The latest on that is the souring of relations that were evident at the weekends APEC meeting; This weighed on the commodity complex and the antipodes. It appears that there is a risk of more U.S. tariffs on Chinese imports and that the U.S.-China trade rapprochement at the G20 meeting looks highly unlikely; This has weighed on global equities that were in a sea of red at the start of the week, sending the indexes into negative territory for 2018. 

However, there has been a slight correction on Wednesday with the Thanksgiving holidays approaching and some squaring off there, although we have had some chatter that the Fed may need to pause its tightening cycle in spring of 2019. However, that is likely more to do with global growth factors that could start to hinder the US growth momentum and be a potential reason to stay long the greenback. 

European politics in focus

Other than that, there is a keen focus on Brexit and Italian politics. Today, the EU made its first step toward imposing fines on Italy, but Italy’s markets have shrugged off the threat of penalties for breaking the budget rules on the hope that there might still be room for dialogue. This sent Italian bonds and bank stocks sharply higher as a buy the rumour sell the fact combined with the relief that there could be some spending revisions made by the Deputy Prime Minister Matteo Salvini in order to avoid punishment - leading to a rally in risk - which ultimately propped up the high betas such as the antipodes.  
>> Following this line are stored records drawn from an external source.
lemma norm_le_if_dual_coefficients_bounded:
  fixes g :: "int \<Rightarrow> 'a::chilbert"
  assumes frame: "frame g A B" and gram: "schur_bounded (gramian g) C"
    and coeff: "\<And>X. finite X \<Longrightarrow> (\<Sum>x\<in>X. (cmod (cinner h (canonical_dual g x)))\<^sup>2) \<le> S"
  shows "norm h \<le> sqrt C * sqrt S"
proof -
  define a where "a x = cinner h (canonical_dual g x)" for x
  have "0 \<le> C" using gram by (rule schur_bounded_nonneg)
  have "norm (\<Sum>x\<in>X. a x *\<^sub>C g x) \<le> sqrt C * sqrt S" if "finite X" for X
  proof -
    have "(norm (\<Sum>x\<in>X. a x *\<^sub>C g x))\<^sup>2 \<le> C * (\<Sum>x\<in>X. (cmod (a x))\<^sup>2)"
      by (rule gramian_synthesis_bound[OF gram that])
    also have "\<dots> \<le> C * S"
      using coeff[OF that] \<open>0 \<le> C\<close> by (simp add: a_def mult_left_mono)
    finally show ?thesis
      by (simp add: real_sqrt_mult[symmetric] real_le_rsqrt)
  qed
  moreover have "((\<lambda>X. norm (\<Sum>x\<in>X. a x *\<^sub>C g x)) \<longlongrightarrow> norm h) (finite_subsets_at_top UNIV)"
    using frame_reconstruction[OF frame, of h] unfolding a_def has_sum_def by (rule tendsto_norm)
  ultimately show ?thesis
    by (intro tendsto_upperbound) auto
qed

lemma coefficients_of_synthesis_bound:
  fixes d :: "'j \<Rightarrow> 'a::chilbert" and e :: "'i \<Rightarrow> 'a"
  assumes M: "schur_bounded (\<lambda>x n. cinner (d n) (e x)) \<epsilon>" and "finite F" "finite X"
  shows "(\<Sum>x\<in>X. (cmod (cinner (\<Sum>n\<in>F. c n *\<^sub>C d n) (e x)))\<^sup>2) \<le> \<epsilon>\<^sup>2 * (\<Sum>n\<in>F. (cmod (c n))\<^sup>2)"
proof -
  have "cmod (cinner (\<Sum>n\<in>F. c n *\<^sub>C d n) (e x)) \<le> (\<Sum>n\<in>F. cmod (cinner (d n) (e x)) * \<bar>cmod (c n)\<bar>)" for x
    using norm_sum[of "\<lambda>n. c n * cinner (d n) (e x)" F]
    by (simp add: cinner.sum_left cinner_scaleC_left norm_mult mult.commute)
  then have "(\<Sum>x\<in>X. (cmod (cinner (\<Sum>n\<in>F. c n *\<^sub>C d n) (e x)))\<^sup>2)
      \<le> (\<Sum>x\<in>X. (\<Sum>n\<in>F. cmod (cinner (d n) (e x)) * \<bar>cmod (c n)\<bar>)\<^sup>2)"
    by (intro sum_mono power_mono) auto
  also have "\<dots> \<le> \<epsilon>\<^sup>2 * (\<Sum>n\<in>F. (cmod (c n))\<^sup>2)"
    using schur_bounded_Schur_test[OF M \<open>finite X\<close> \<open>finite F\<close>, of "\<lambda>n. cmod (c n)"] by simp
  finally show ?thesis .
qed

lemma localized_synthesis_bound:
  fixes g d :: "int \<Rightarrow> 'a::chilbert"
  assumes frame: "frame g A B" and gram: "schur_bounded (gramian g) C"
    and M: "schur_bounded (\<lambda>x n. cinner (d n) (canonical_dual g x)) \<epsilon>" and "finite F"
  shows "norm (\<Sum>n\<in>F. c n *\<^sub>C d n) \<le> sqrt C * \<epsilon> * sqrt (\<Sum>n\<in>F. (cmod (c n))\<^sup>2)"
proof -
  have "norm (\<Sum>n\<in>F. c n *\<^sub>C d n) \<le> sqrt C * sqrt (\<epsilon>\<^sup>2 * (\<Sum>n\<in>F. (cmod (c n))\<^sup>2))"
    using frame gram coefficients_of_synthesis_bound[OF M \<open>finite F\<close>]
    by (rule norm_le_if_dual_coefficients_bounded)
  then show ?thesis
    using schur_bounded_nonneg[OF M] by (simp add: real_sqrt_mult mult.assoc)
qed

section \<open>Perturbation of frames\<close>

context
  fixes f e :: "int \<Rightarrow> 'a::chilbert" and A B K :: real
  assumes frame: "frame f A B" and "0 \<le> K"
    and synthesis: "\<And>F c. finite F \<Longrightarrow>
      norm (\<Sum>n\<in>F. c n *\<^sub>C (e n - f n)) \<le> K * sqrt (\<Sum>n\<in>F. (cmod (c n))\<^sup>2)"
begin

lemma perturbation_L2_set_le:
  assumes "finite F"
  shows "L2_set (\<lambda>n. cmod (cinner y (e n - f n))) F \<le> K * norm y"
  using real_sqrt_le_mono[OF analysis_bound_if_synthesis_bound[OF synthesis[OF assms], of y]] \<open>0 \<le> K\<close>
  by (simp add: L2_set_def)

lemma perturbed_frame_upper_bound:
  shows "(\<lambda>n. (cmod (cinner y (e n)))\<^sup>2) summable_on UNIV"
    and "(\<Sum>\<^sub>\<infinity>n. (cmod (cinner y (e n)))\<^sup>2) \<le> ((sqrt B + K) * norm y)\<^sup>2"
proof -
  have "L2_set (\<lambda>n. cmod (cinner y (e n))) F \<le> (sqrt B + K) * norm y" if "finite F" for F
    using L2_set_cinner_add_le[of y f "\<lambda>n. e n - f n" F]
      frame_analysis_L2_set_le[OF frame that, of y] perturbation_L2_set_le[OF that, of y]
    by (simp add: distrib_right)
  then show "(\<lambda>n. (cmod (cinner y (e n)))\<^sup>2) summable_on UNIV"
    and "(\<Sum>\<^sub>\<infinity>n. (cmod (cinner y (e n)))\<^sup>2) \<le> ((sqrt B + K) * norm y)\<^sup>2"
    by (fact square_summable_if_L2_set_le)+
qed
US dollar and the US slowing down?

Meanwhile, US data has been mixed, but good to see some traction in the US housing market. We saw that the US Housing Starts came in line with expectations, although remaining within a trend that is still pointing towards moderation. However, today, Existing Home Sales MoM was a pleasant surprise to the upside at 1.4% vs 1.0% expected and far better than the -3.4% prior. However, this data does not detract one away from the evident slowdown in the housing sector, weighed upon by higher rates of interest for one - (30-year mortgage rates are close to 5.2% right now – the highest for eight years). "Wage growth is picking up, but at 3.1% it remains well behind annual house price growth of 5.5% year on year as of August," analysts at ING Bank pointed out. 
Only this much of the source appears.